Source Inference Attack (SIA) in Federated Learning (FL) aims to identify which client used a target data point for local model training. It allows the central server to audit clients’ data usage. In cross-silo FL, a client (silo) collects data from multiple subjects (e.g., individuals, writers, or devices), posing a risk of subject information leakage. Subject Membership Inference Attack (SMIA) targets this scenario and attempts to infer whether any client utilizes data points from a target subject in cross-silo FL. However, existing results on SMIA are limited and based on strong assumptions on the attack scenario. Therefore, we propose a Subject-Level Source Inference Attack (SLSIA) by removing critical constraints that only one client can use a target data point in SIA and imprecise detection of clients utilizing target subject data in SMIA. The attacker, positioned on the server side, controls a target data source and aims to detect all clients using data points from the target subject. Our strategy leverages a binary attack classifier to predict whether the embeddings returned by a local model on test data from the target subject include unique patterns that indicate a client trains the model with data from that subject. To achieve this, the attacker locally pre-trains models using data derived from the target subject and then leverages them to build a training set for the binary attack classifier. Our SLSIA significantly outperforms previous methods on four datasets. Specifically, SLSIA achieves a maximum average accuracy of 0.88 over 50 target subjects. Analyzing embedding distribution and input feature distance shows that datasets with sparse subjects are more susceptible to our attack. Finally, we propose to defend our SLSIA using item-level and subject-level differential privacy mechanisms. The attack accuracy decreases by 36% with a utility loss of 20%, using a subject-level differential privacy budget of 22.

查看原文本刊更多论文

跨竖井联邦学习中基于源推理攻击的主题数据审计

联邦学习（FL）中的源推理攻击（SIA）旨在识别哪个客户端使用目标数据点进行本地模型训练。它允许中央服务器审计客户端的数据使用情况。在跨竖井FL中，客户端（竖井）从多个主体（例如，个人、作者或设备）收集数据，这带来了主体信息泄露的风险。对象隶属推理攻击（SMIA）针对这种情况，并试图推断是否有任何客户端使用跨竖井FL中的目标对象的数据点。然而，SMIA的现有结果是有限的，并且基于对攻击场景的强假设。因此，我们提出了一种主题级源推断攻击（SLSIA），通过消除在SIA中只有一个客户端可以使用目标数据点的关键约束，以及在SMIA中对使用目标主题数据的客户端进行不精确检测。攻击者位于服务器端，控制目标数据源，目的是使用来自目标主题的数据点检测所有客户机。我们的策略利用二元攻击分类器来预测本地模型对来自目标主题的测试数据返回的嵌入是否包含唯一模式，这些模式表明客户端使用来自该主题的数据训练模型。为了实现这一点，攻击者使用来自目标主题的数据局部预训练模型，然后利用它们为二进制攻击分类器构建训练集。我们的SLSIA在四个数据集上显著优于以前的方法。具体而言，SLSIA在50个目标受试者中达到了0.88的最高平均准确率。分析嵌入分布和输入特征距离表明，主题稀疏的数据集更容易受到我们的攻击。最后，我们建议使用项目级和主题级差异隐私机制来保护我们的SLSIA。使用主题级差分隐私预算为22时，攻击精度降低36%，效用损失20%。

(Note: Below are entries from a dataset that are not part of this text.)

(* Let $G=(V,E)$ be a connected simple graph and $\pi:V\to\mathbb{N}$ an injection. For a spanning tree $T$ of $G$ define $w(T)=\sum_{uv\in E(T)}\min(\pi(u),\pi(v))$. If $T^*$ is a spanning tree of $G$ minimizing $w$, then for every edge $uv\in E(T^* )$ with $\pi(u)<\pi(v)$, the pair $(u,v)$ is good with respect to $\pi$; that is, $\pi(u)<\pi(a)$ for every common neighbour $a\in N(u)\cap N(v)$.
   Context: For a vertex $u$, $N(u)=\{v\in V: uv\in E\}$ is its open neighbourhood. Given an injection $\pi:V\to\mathbb{N}$, an ordered pair $(u,v)\in V^2$ is called good with respect to $\pi$ if $uv\in E$, $\pi(u)<\pi(v)$, and $\pi(u)<\pi(w)$ for every $w\in N(u)\cap N(v)$. *)

theory Defs
  imports Main
begin

definition simple_graph :: "'a set \<Rightarrow> 'a set set \<Rightarrow> bool" where
  "simple_graph V E \<longleftrightarrow> finite V \<and> (\<forall>e\<in>E. \<exists>u v. e = {u, v} \<and> u \<noteq> v \<and> u \<in> V \<and> v \<in> V)"

definition walk :: "'a set set \<Rightarrow> 'a list \<Rightarrow> bool" where
  "walk E p \<longleftrightarrow> p \<noteq> [] \<and> (\<forall>i. Suc i < length p \<longrightarrow> {p ! i, p ! Suc i} \<in> E)"

definition connected_graph :: "'a set \<Rightarrow> 'a set set \<Rightarrow> bool" where
  "connected_graph V E \<longleftrightarrow> V \<noteq> {} \<and>
     (\<forall>u\<in>V. \<forall>v\<in>V. \<exists>p. walk E p \<and> set p \<subseteq> V \<and> hd p = u \<and> last p = v)"

definition has_cycle :: "'a set set \<Rightarrow> bool" where
  "has_cycle E \<longleftrightarrow> (\<exists>p. walk E p \<and> length p \<ge> 3 \<and> distinct p \<and> {last p, hd p} \<in> E)"

definition spanning_tree :: "'a set \<Rightarrow> 'a set set \<Rightarrow> 'a set set \<Rightarrow> bool" where
  "spanning_tree V E T \<longleftrightarrow> T \<subseteq> E \<and> connected_graph V T \<and> \<not> has_cycle T"

definition nbhd :: "'a set set \<Rightarrow> 'a \<Rightarrow> 'a set" where
  "nbhd E u = {v. {u, v} \<in> E}"

definition tree_weight :: "('a \<Rightarrow> nat) \<Rightarrow> 'a set set \<Rightarrow> nat" where
  "tree_weight \<pi> T = (\<Sum>e\<in>T. Min (\<pi> ` e))"

definition good_pair :: "'a set set \<Rightarrow> ('a \<Rightarrow> nat) \<Rightarrow> 'a \<Rightarrow> 'a \<Rightarrow> bool" where
  "good_pair E \<pi> u v \<longleftrightarrow> {u, v} \<in> E \<and> \<pi> u < \<pi> v \<and>
     (\<forall>w\<in>nbhd E u \<inter> nbhd E v. \<pi> u < \<pi> w)"

end

theory Submission
  imports Defs "HOL-Library.Transitive_Closure_Table"
begin

text \<open>Suppose uv is an edge of a minimum-weight spanning tree T* with \<pi> u < \<pi> v, and some common neighbour w
has \<pi> w < \<pi> u. Deleting uv splits T* into the component of u and that of v; w lies in one
of them and is adjacent in G to both u and v, so one of the edges wu, wv crosses the cut.
Exchanging uv for it yields a spanning tree whose weight is smaller by \<pi> u - \<pi> w,
since the new edge has minimum \<pi> w.\<close>

lemma walk_Nil [simp]: "\<not> walk F []" and walk_singleton [simp]: "walk F [a]"
  by (simp_all add: walk_def)

lemma walk_Cons_Cons [simp]: "walk F (a # b # p) \<longleftrightarrow> {a, b} \<in> F \<and> walk F (b # p)"
  unfolding walk_def by (simp add: All_less_Suc2)

lemma walk_append_Cons: "walk F (xs @ y # ys) \<longleftrightarrow> walk F (xs @ [y]) \<and> walk F (y # ys)"
  by (induction xs rule: induct_list012) auto

lemma walk_mono: "walk F p \<Longrightarrow> F \<subseteq> G \<Longrightarrow> walk G p"
  unfolding walk_def by blast

lemma walk_insert_avoiding: "walk (insert e F) p \<Longrightarrow> \<not> e \<subseteq> set p \<Longrightarrow> walk F p"
  unfolding walk_def by (auto simp del: insert_iff)

lemma walk_insert_split:
  "walk (insert e F) p \<Longrightarrow> \<not> walk F p \<Longrightarrow> \<exists>xs c d ys. p = xs @ c # d # ys \<and> e = {c, d}"
proof (induction p rule: induct_list012)
  case (3 a b r)
  show ?case
  proof (cases "{a, b} \<in> F")
    case True
    then obtain xs c d ys where "b # r = xs @ c # d # ys" "e = {c, d}"
      using "3.IH"(2) "3.prems" by auto
    then show ?thesis by (metis append_Cons)
  next
    case False
    then show ?thesis using "3.prems"(1) by (metis append_Nil insert_iff walk_Cons_Cons)
  qed
qed auto

definition adjacent :: "'a set set \<Rightarrow> 'a \<Rightarrow> 'a \<Rightarrow> bool" where
  "adjacent F a b \<longleftrightarrow> {a, b} \<in> F"

abbreviation reachable :: "'a set set \<Rightarrow> 'a \<Rightarrow> 'a \<Rightarrow> bool" where
  "reachable F \<equiv> (adjacent F)\<^sup>*\<^sup>*"

lemma reachable_edge: "{a, b} \<in> F \<Longrightarrow> reachable F a b"
  by (simp add: adjacent_def r_into_rtranclp)

lemma reachable_sym: "reachable F a b \<Longrightarrow> reachable F b a"
  by (rule sympD[OF symp_rtranclp]) (auto simp: symp_def adjacent_def insert_commute)

lemma reachable_mono: "reachable F a b \<Longrightarrow> F \<subseteq> G \<Longrightarrow> reachable G a b"
  by (metis adjacent_def predicate2I rtranclp_mono subsetD predicate2D)

lemma rtrancl_path_adjacent_iff_walk:
  "rtrancl_path (adjacent F) x xs y \<longleftrightarrow> walk F (x # xs) \<and> last (x # xs) = y"
  by (induction xs arbitrary: x)
    (auto simp: adjacent_def rtrancl_path.simps[of _ _ "[]"] rtrancl_path.simps[of _ _ "_ # _"])

lemma reachable_iff_walk: "reachable F a b \<longleftrightarrow> (\<exists>p. walk F p \<and> hd p = a \<and> last p = b)"
  by (metis rtranclp_eq_rtrancl_path rtrancl_path_adjacent_iff_walk list.exhaust_sel list.sel(1) walk_Nil)

lemma reachable_distinct_walk:
  assumes "reachable F a b"
  obtains p where "walk F p" "distinct p" "hd p = a" "last p = b"
proof -
  obtain xs where "rtrancl_path (adjacent F) a xs b"
    using assms rtranclp_eq_rtrancl_path by metis
  then obtain xs' where "rtrancl_path (adjacent F) a xs' b" "distinct (a # xs')"
    by (rule rtrancl_path_distinct)
  then show thesis using that[of "a # xs'"] by (simp add: rtrancl_path_adjacent_iff_walk)
qed

lemma has_cycle_mono: "has_cycle F \<Longrightarrow> F \<subseteq> G \<Longrightarrow> has_cycle G"
  unfolding has_cycle_def using walk_mono by blast

lemma has_cycle_insert_if_reachable:
  assumes "x \<noteq> y" and "reachable F x y" and "{x, y} \<notin> F"
  shows "has_cycle (insert {x, y} F)"
proof -
  obtain p where p: "walk F p" "distinct p" "hd p = x" "last p = y"
    using assms(2) by (rule reachable_distinct_walk)
  have "3 \<le> length p"
    using p assms(1,3) by (cases p rule: remdups_adj.cases; cases "tl (tl p)") auto
  then show ?thesis
    unfolding has_cycle_def using p walk_mono[OF p(1)]
    by (intro exI[of _ p]) (auto simp: insert_commute)
qed

lemma reachable_if_has_cycle_insert:
  assumes cycle: "has_cycle (insert {x, y} F)" and acyclic: "\<not> has_cycle F"
  shows "reachable F x y"
proof -
  obtain p where p: "walk (insert {x, y} F) p" "3 \<le> length p" "distinct p"
      "{last p, hd p} \<in> insert {x, y} F"
    using cycle unfolding has_cycle_def by blast
  show ?thesis
  proof (cases "walk F p")
    case True
    then have "{last p, hd p} \<notin> F" using p(2,3) acyclic unfolding has_cycle_def by blast
    then have "{last p, hd p} = {x, y}" using p(4) by blast
    moreover have "reachable F (hd p) (last p)" unfolding reachable_iff_walk using True by blast
    ultimately show ?thesis by (metis doubleton_eq_iff reachable_sym)
  next
    case False
    then obtain xs c d ys where p_split: "p = xs @ c # d # ys" and cd: "{x, y} = {c, d}"
      using walk_insert_split[OF p(1) False] by blast
    have "walk (insert {c, d} F) (xs @ [c])" "walk (insert {c, d} F) (d # ys)"
      using p(1) walk_append_Cons[of _ xs c "d # ys"] by (auto simp: p_split cd)
    moreover have "d \<notin> set (xs @ [c])" "c \<notin> set (d # ys)" using p(3) p_split by auto
    ultimately have "walk F (xs @ [c])" "walk F (d # ys)" by (auto intro: walk_insert_avoiding)
    then have "reachable F (hd p) c" "reachable F d (last p)"
      unfolding reachable_iff_walk p_split
      by (intro exI[of _ "xs @ [c]"] exI[of _ "d # ys"]; simp add: hd_append)+
    moreover have "{last p, hd p} \<noteq> {c, d}"
      using p(2,3) unfolding p_split by (cases xs; cases ys rule: rev_cases) auto
    then have "reachable F (last p) (hd p)" using p(4) cd by (auto intro: reachable_edge)
    ultimately have "reachable F d c" by (meson rtranclp_trans)
    then show ?thesis using cd by (metis doubleton_eq_iff reachable_sym)
  qed
qed

lemma reachable_endpoint_without_edge:
  "reachable F a b \<Longrightarrow> b \<in> {x, y} \<Longrightarrow>
     reachable (F - {{x, y}}) a x \<or> reachable (F - {{x, y}}) a y"
proof (induction rule: converse_rtranclp_induct)
  case (step a z)
  show ?case
  proof (cases "{a, z} = {x, y}")
    case True
    then show ?thesis by (auto simp: doubleton_eq_iff)
  next
    case False
    then have "adjacent (F - {{x, y}}) a z" using step.hyps(1) by (simp add: adjacent_def)
    then show ?thesis using step.IH step.prems by (meson converse_rtranclp_into_rtranclp)
  qed
qed auto

lemma simple_graph_edgeD:
  assumes "simple_graph V E" and "{a, b} \<in> E"
  shows "a \<in> V" "b \<in> V" "a \<noteq> b"
proof -
  obtain c d where "{a, b} = {c, d}" "c \<noteq> d" "c \<in> V" "d \<in> V"
    using assms unfolding simple_graph_def by blast
  then show "a \<in> V" "b \<in> V" "a \<noteq> b" by (auto simp: doubleton_eq_iff)
qed

lemma simple_graph_finite_edges:
  assumes "simple_graph V E"
  shows "finite E"
proof -
  have "E \<subseteq> Pow V" using assms unfolding simple_graph_def by auto
  moreover have "finite V" using assms unfolding simple_graph_def by simp
  ultimately show ?thesis by (meson finite_Pow_iff finite_subset)
qed

lemma walk_subset_vertices:
  assumes "simple_graph V E" "F \<subseteq> E" "walk F p" "hd p \<in> V"
  shows "set p \<subseteq> V"
  using assms(3,4)
  by (induction p rule: induct_list012) (auto dest: subsetD[OF assms(2)] simple_graph_edgeD(2)[OF assms(1)])

lemma connected_graph_reachable:
  "connected_graph V F \<Longrightarrow> a \<in> V \<Longrightarrow> b \<in> V \<Longrightarrow> reachable F a b"
  unfolding connected_graph_def reachable_iff_walk by blast

lemma connected_graphI:
  assumes "simple_graph V E" "F \<subseteq> E" "x \<in> V" "\<And>a. a \<in> V \<Longrightarrow> reachable F a x"
  shows "connected_graph V F"
  unfolding connected_graph_def
proof (intro conjI ballI)
  fix a b assume a: "a \<in> V" and b: "b \<in> V"
  have "reachable F a b" using rtranclp_trans[OF assms(4)[OF a] reachable_sym[OF assms(4)[OF b]]] .
  then obtain p where "walk F p" "hd p = a" "last p = b" unfolding reachable_iff_walk by blast
  moreover have "set p \<subseteq> V" using walk_subset_vertices[OF assms(1,2)] calculation a by simp
  ultimately show "\<exists>p. walk F p \<and> set p \<subseteq> V \<and> hd p = a \<and> last p = b" by blast
qed (use assms(3) in blast)

lemma spanning_tree_exchange:
  assumes G: "simple_graph V E" and T: "spanning_tree V E T"
    and xy: "{x, y} \<in> T" and wy: "reachable (T - {{x, y}}) w y" and xw: "{x, w} \<in> E"
  shows "spanning_tree V E (insert {x, w} (T - {{x, y}}))" and "{x, w} \<notin> T - {{x, y}}"
proof -
  let ?T0 = "T - {{x, y}}"
  let ?T' = "insert {x, w} ?T0"
  have TE: "T \<subseteq> E" and T_connected: "connected_graph V T" and T_acyclic: "\<not> has_cycle T"
    using T unfolding spanning_tree_def by auto
  have xyE: "{x, y} \<in> E" using xy TE by blast
  have "x \<noteq> y" and x: "x \<in> V" using simple_graph_edgeD[OF G xyE] by auto
  have not_xw: "\<not> reachable ?T0 x w"
  proof
    assume "reachable ?T0 x w"
    then have "has_cycle (insert {x, y} ?T0)"
      by (rule has_cycle_insert_if_reachable[OF \<open>x \<noteq> y\<close> rtranclp_trans[OF _ wy]]) simp
    moreover have "insert {x, y} ?T0 = T" using xy by blast
    ultimately show False using T_acyclic by simp
  qed
  then show "{x, w} \<notin> ?T0" by (meson reachable_edge)
  have "\<not> has_cycle ?T0" by (meson Diff_subset T_acyclic has_cycle_mono)
  then have T'_acyclic: "\<not> has_cycle ?T'" by (meson not_xw reachable_if_has_cycle_insert)
  have sub: "?T0 \<subseteq> ?T'" by blast
  have yx: "reachable ?T' y x"
  proof -
    have "reachable ?T' y w" using reachable_mono[OF reachable_sym[OF wy] sub] .
    moreover have "reachable ?T' w x" by (rule reachable_edge) (simp add: insert_commute)
    ultimately show ?thesis by (rule rtranclp_trans)
  qed
  have to_x: "reachable ?T' a x" if "a \<in> V" for a
  proof -
    have "reachable ?T0 a x \<or> reachable ?T0 a y"
      using connected_graph_reachable[OF T_connected that x] by (rule reachable_endpoint_without_edge) simp
    then show ?thesis
    proof
      assume "reachable ?T0 a x"
      then show ?thesis by (rule reachable_mono[OF _ sub])
    next
      assume "reachable ?T0 a y"
      then show ?thesis by (rule rtranclp_trans[OF reachable_mono[OF _ sub] yx])
    qed
  qed
  have T'E: "?T' \<subseteq> E" using TE xw by blast
  have "connected_graph V ?T'" by (rule connected_graphI[OF G T'E x to_x])
  with T'E T'_acyclic show "spanning_tree V E ?T'" unfolding spanning_tree_def by blast
qed

lemma tree_weight_exchange:
  assumes "finite T" "e \<in> T" "e' \<notin> T - {e}"
  shows "tree_weight \<pi> (insert e' (T - {e})) + Min (\<pi> ` e) = tree_weight \<pi> T + Min (\<pi> ` e')"
  using assms unfolding tree_weight_def by (simp add: sum.remove)

lemma minimum_spanning_tree_exchange:
  assumes G: "simple_graph V E" and T: "spanning_tree V E T"
    and minimum: "\<And>T'. spanning_tree V E T' \<Longrightarrow> tree_weight \<pi> T \<le> tree_weight \<pi> T'"
    and xy: "{x, y} \<in> T" and wy: "reachable (T - {{x, y}}) w y" and xw: "{x, w} \<in> E"
  shows "Min (\<pi> ` {x, y}) \<le> Min (\<pi> ` {x, w})"
proof -
  have "finite T"
    using T finite_subset[OF _ simple_graph_finite_edges[OF G]] unfolding spanning_tree_def by blast
  then have "tree_weight \<pi> (insert {x, w} (T - {{x, y}})) + Min (\<pi> ` {x, y}) =
      tree_weight \<pi> T + Min (\<pi> ` {x, w})"
    by (rule tree_weight_exchange[OF _ xy spanning_tree_exchange(2)[OF G T xy wy xw]])
  then show ?thesis using minimum[OF spanning_tree_exchange(1)[OF G T xy wy xw]] by linarith
qed

theorem mainTheorem4:
  fixes V :: "'a set" and E :: "'a set set" and \<pi> :: "'a \<Rightarrow> nat" and Tstar :: "'a set set"
  assumes "simple_graph V E"
    and "connected_graph V E"
    and "inj_on \<pi> V"
    and "spanning_tree V E Tstar"
    and "\<And>T. spanning_tree V E T \<Longrightarrow> tree_weight \<pi> Tstar \<le> tree_weight \<pi> T"
    and "{u, v} \<in> Tstar"
    and "\<pi> u < \<pi> v"
  shows "good_pair E \<pi> u v"
proof -
  have uv: "{u, v} \<in> E" using assms(4,6) unfolding spanning_tree_def by blast
  have "\<pi> u < \<pi> w" if w: "w \<in> nbhd E u \<inter> nbhd E v" for w
  proof (rule ccontr)
    assume "\<not> \<pi> u < \<pi> w"
    have uw: "{u, w} \<in> E" and vw: "{v, w} \<in> E" using w unfolding nbhd_def by auto
    have "w \<noteq> u" "w \<in> V" "u \<in> V" using simple_graph_edgeD[OF assms(1) uw] by auto
    then have "\<pi> w \<noteq> \<pi> u" using inj_onD[OF assms(3)] by blast
    with \<open>\<not> \<pi> u < \<pi> w\<close> have "\<pi> w < \<pi> u" by simp
    have "reachable Tstar w u"
      using assms(4) \<open>w \<in> V\<close> \<open>u \<in> V\<close> unfolding spanning_tree_def
      by (auto intro: connected_graph_reachable)
    then have "reachable (Tstar - {{u, v}}) w u \<or> reachable (Tstar - {{u, v}}) w v"
      by (rule reachable_endpoint_without_edge) simp
    then obtain x y where "{x, y} = {u, v}" "x \<in> {u, v}" "reachable (Tstar - {{x, y}}) w y" "{x, w} \<in> E"
      using uw vw by (auto simp: insert_commute)
    then have "Min (\<pi> ` {u, v}) \<le> Min (\<pi> ` {x, w})"
      using minimum_spanning_tree_exchange[OF assms(1,4,5)] assms(6) by metis
    then show False using \<open>\<pi> w < \<pi> u\<close> \<open>x \<in> {u, v}\<close> assms(7) by auto
  qed
  then show ?thesis unfolding good_pair_def using uv assms(7) by blast
qed

end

本文章由计算机程序翻译，如有差异，请以英文原文为准。

求助全文

约1分钟内获得全文求助全文

来源期刊

Journal of Information Security and Applications Computer Science-Computer Networks and Communications

CiteScore

10.90

自引率

5.40%

发文量

206

审稿时长

56 days

期刊介绍： Journal of Information Security and Applications (JISA) focuses on the original research and practice-driven applications with relevance to information security and applications. JISA provides a common linkage between a vibrant scientific and research community and industry professionals by offering a clear view on modern problems and challenges in information security, as well as identifying promising scientific and "best-practice" solutions. JISA issues offer a balance between original research work and innovative industrial approaches by internationally renowned information security experts and researchers.